lemma card_label_class:
  assumes l: "l \<in> {1..N}"
  shows "card {k \<in> {0..<m}. label k = l} = mdeg N E l"
proof -
  have "{k \<in> {0..<m}. label k = l} = (\<lambda>i. slot i l) ` nbhd l"
  proof (intro equalityI subsetI)
    fix k assume "k \<in> {k \<in> {0..<m}. label k = l}"
    then have k: "k < m" "label k = l" by auto
    then have "owner k \<in> nbhd l" using label_in_nbhd nbhd_sym by blast
    then show "k \<in> (\<lambda>i. slot i l) ` nbhd l" using slot_owner_label[OF k(1)] k(2) by force
  next
    fix k assume "k \<in> (\<lambda>i. slot i l) ` nbhd l"
    then obtain i where i: "i \<in> nbhd l" "k = slot i l" by auto
    then have "i \<in> {1..N}" "l \<in> nbhd i" using nbhd_subset[OF l] nbhd_sym by auto
    then show "k \<in> {k \<in> {0..<m}. label k = l}" using slot_less_m owner_label_slot i(2) by auto
  qed
  moreover have "inj_on (\<lambda>i. slot i l) (nbhd l)"
    by (rule inj_onI) (metis owner_label_slot(1) nbhd_subset[OF l] nbhd_sym subsetD)
  ultimately show ?thesis using card_image card_nbhd by metis
qed

lemma slot_eqI:
  assumes "x < m" "y < m" "label x = label y" "owner x = owner y"
  shows "x = y"
  using slot_owner_label assms by metis

lemma dim_Evec [simp]: "dim_vec (Evec N E i l) = m"
  unfolding Evec_def by simp

lemma index_Evec:
  assumes "i \<in> {1..N}" "r < m"
  shows "Evec N E i l $ r = of_bool (owner r = i \<and> label r = l)"
proof (cases "l \<in> nbhd i")
  case True
  then have "Evec N E i l = unit_vec m (slot i l)" unfolding Evec_def slot_def by simp
  then show ?thesis using slot_less_m[OF assms(1) True] assms(2) eq_slot_iff[OF assms(2,1) True]
    by simp
next
  case False
  then show ?thesis using label_in_nbhd[OF assms(2)] assms(2) unfolding Evec_def by auto
qed

lemma index_Hmat:
  assumes "r < m" "c < N"
  shows "Hmat N E $$ (r, c) = of_bool (label r = c + 1)"
proof -
  have "Hmat N E $$ (r, c) = (\<Sum>i\<in>{1..N}. of_bool (i = owner r) * of_bool (label r = c + 1))"
    unfolding Hmat_def using assms by (auto simp: index_Evec intro: sum.cong)
  then show ?thesis using owner_range[OF assms(1)] by (simp add: of_bool_def)
qed

lemma index_Hbar:
  assumes "r < N" "c < m"
  shows "Hbar N E $$ (r, c) = of_bool (label c = r + 1) / real (mdeg N E (r + 1))"
  unfolding Hbar_def using assms by (simp add: index_Hmat)

lemma Hmat_mult_Hbar: "Hmat N E * Hbar N E = block_avg_mat m label"
proof (rule eq_matI)
  fix r c assume "r < dim_row (block_avg_mat m label)" "c < dim_col (block_avg_mat m label)"
  then have r: "r < m" and c: "c < m" by auto
  have l: "label r \<in> {1..N}" using label_range[OF r] .
  have "(Hmat N E * Hbar N E) $$ (r, c) = (\<Sum>k\<in>{0..<N}. Hmat N E $$ (r, k) * Hbar N E $$ (k, c))"
    using r c by (simp add: scalar_prod_def Hmat_def Hbar_def)
  also have "\<dots> = (\<Sum>k\<in>{0..<N}.
      if k = label r - 1 then of_bool (label c = label r) / real (mdeg N E (label r)) else 0)"
    by (rule sum.cong[OF refl]) (use r c l in \<open>auto simp: index_Hmat index_Hbar\<close>)
  also have "\<dots> = block_avg_mat m label $$ (r, c)"
    using r c l card_label_class[OF l] by (auto simp: index_block_avg_mat)
  finally show "(Hmat N E * Hbar N E) $$ (r, c) = block_avg_mat m label $$ (r, c)" .
qed (simp_all add: Hmat_def Hbar_def)

definition exchange :: "nat \<Rightarrow> nat \<Rightarrow> nat \<Rightarrow> nat" where
  "exchange i j r =
     (if owner r = i \<and> label r \<in> ind N E i j then slot j (label r)
      else if owner r = j \<and> label r \<in> ind N E i j then slot i (label r) else r)"

lemma exchange_moved:
  assumes ij: "i \<in> {1..N}" "j \<in> {1..N}" "i \<noteq> j" and r: "r < m"
    and moved: "owner r \<in> {i, j}" "label r \<in> ind N E i j"
  defines "i' \<equiv> if owner r = i then j else i"
  shows "exchange i j r < m" "owner (exchange i j r) = i'" "label (exchange i j r) = label r"
proof -
  have "i' \<in> {1..N}" "label r \<in> nbhd i'" using ij moved unfolding i'_def ind_def by auto
  moreover have "exchange i j r = slot i' (label r)"
    using moved ij unfolding exchange_def i'_def by auto
  ultimately show "exchange i j r < m" "owner (exchange i j r) = i'"
    "label (exchange i j r) = label r"
    using slot_less_m owner_label_slot by auto
qed

lemma exchange_fixed:
  "\<not> (owner r \<in> {i, j} \<and> label r \<in> ind N E i j) \<Longrightarrow> exchange i j r = r"
  unfolding exchange_def by auto

lemma exchange_eq_slot: "owner r = i \<Longrightarrow> l \<in> ind N E i j \<Longrightarrow> label r = l \<Longrightarrow> exchange i j r = slot j l"
  unfolding exchange_def by simp

lemma exchange_props:
  assumes ij: "i \<in> {1..N}" "j \<in> {1..N}" "i \<noteq> j" and r: "r < m"
  shows "exchange i j r < m \<and> label (exchange i j r) = label r \<and> exchange i j (exchange i j r) = r"
proof (cases "owner r \<in> {i, j} \<and> label r \<in> ind N E i j")
  case True
  then have mv: "owner r \<in> {i, j}" "label r \<in> ind N E i j" by auto
  note e = exchange_moved[OF ij r mv]
  have mv': "owner (exchange i j r) \<in> {i, j}" "label (exchange i j r) \<in> ind N E i j"
    using e mv by auto
  note e' = exchange_moved[OF ij e(1) mv']
  have "exchange i j (exchange i j r) = r"
    by (rule slot_eqI[OF e'(1) r]) (use e e' mv ij in auto)
  then show ?thesis using e by simp
next
  case False
  then show ?thesis using r by (simp add: exchange_fixed)
qed

lemma involution_exchange:
  "i \<in> {1..N} \<Longrightarrow> j \<in> {1..N} \<Longrightarrow> i \<noteq> j \<Longrightarrow> involution_below m (exchange i j)"
  unfolding involution_below_def using exchange_props by blast

lemma Wmat_eq_swap_avg_mat:
  assumes ij: "i \<in> {1..N}" "j \<in> {1..N}" "i \<noteq> j"
  shows "Wmat N E i j = swap_avg_mat m (exchange i j)"
proof (rule eq_matI)
  fix r c
  assume "r < dim_row (swap_avg_mat m (exchange i j))" "c < dim_col (swap_avg_mat m (exchange i j))"
  then have r: "r < m" and c: "c < m" by auto
  define s where "s x = (of_bool (owner x = i) - of_bool (owner x = j) :: real)" for x
  let ?I = "ind N E i j"
  have diff: "(Evec N E i l - Evec N E j l) $ x = (if l = label x then s x else 0)"
    if "x < m" for x l
    using that ij by (auto simp: index_Evec s_def)
  have "(\<Sum>l\<in>?I. (Evec N E i l - Evec N E j l) $ r * (Evec N E i l - Evec N E j l) $ c)
      = (\<Sum>l\<in>?I. if l = label r then (if label c = label r then s r * s c else 0) else 0)"
    by (rule sum.cong[OF refl]) (simp only: diff[OF r] diff[OF c], simp)
  also have "\<dots> = (if label r \<in> ?I \<and> label c = label r then s r * s c else 0)"
    by (simp add: sum.delta' ind_def)
  finally have W: "Wmat N E i j $$ (r, c)
      = of_bool (r = c) - (if label r \<in> ?I \<and> label c = label r then s r * s c else 0) / 2"
    unfolding Wmat_def using r c by simp
  show "Wmat N E i j $$ (r, c) = swap_avg_mat m (exchange i j) $$ (r, c)"
  proof (cases "owner r \<in> {i, j} \<and> label r \<in> ?I")
    case True
    then have mv: "owner r \<in> {i, j}" "label r \<in> ?I" by auto
    define r' where "r' = exchange i j r"
    have r': "r' < m" "owner r' \<in> {i, j}" "owner r' \<noteq> owner r" "label r' = label r"
      using exchange_moved[OF ij r mv] mv ij unfolding r'_def by auto
    have s: "s r * s r = 1" "s r * s r' = -1" using mv r' ij by (auto simp: s_def)
    have "r' \<noteq> r" using r' by auto
    consider "c = r" | "c = r'" | "c \<noteq> r" "c \<noteq> r'" by blast
    then show ?thesis
    proof cases
      case 3
      have "s c = 0" if "label c = label r"
        using slot_eqI[OF c r] slot_eqI[OF c r'(1)] that 3 mv r' ij by (auto simp: s_def)
      then show ?thesis using W 3 r c by (auto simp: index_swap_avg_mat r'_def[symmetric])
    qed (use W s mv r' \<open>r' \<noteq> r\<close> r c in \<open>auto simp: index_swap_avg_mat r'_def[symmetric]\<close>)
  next
    case False
    then have "exchange i j r = r" "(if label r \<in> ?I \<and> label c = label r then s r * s c else 0) = 0"
      using ij by (auto simp: exchange_fixed s_def)
    then show ?thesis using W r c by (simp add: index_swap_avg_mat)
  qed
qed (simp_all add: Wmat_def)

-- -- --

- [TASK]
Find the word "moreover" in the records. Copy every line it appears in.

- [YOUR RESPONSE]
  moreover have "inj_on (\<lambda>i. slot i l) (nbhd l)"
  moreover have "exchange i j r = slot i' (label r)"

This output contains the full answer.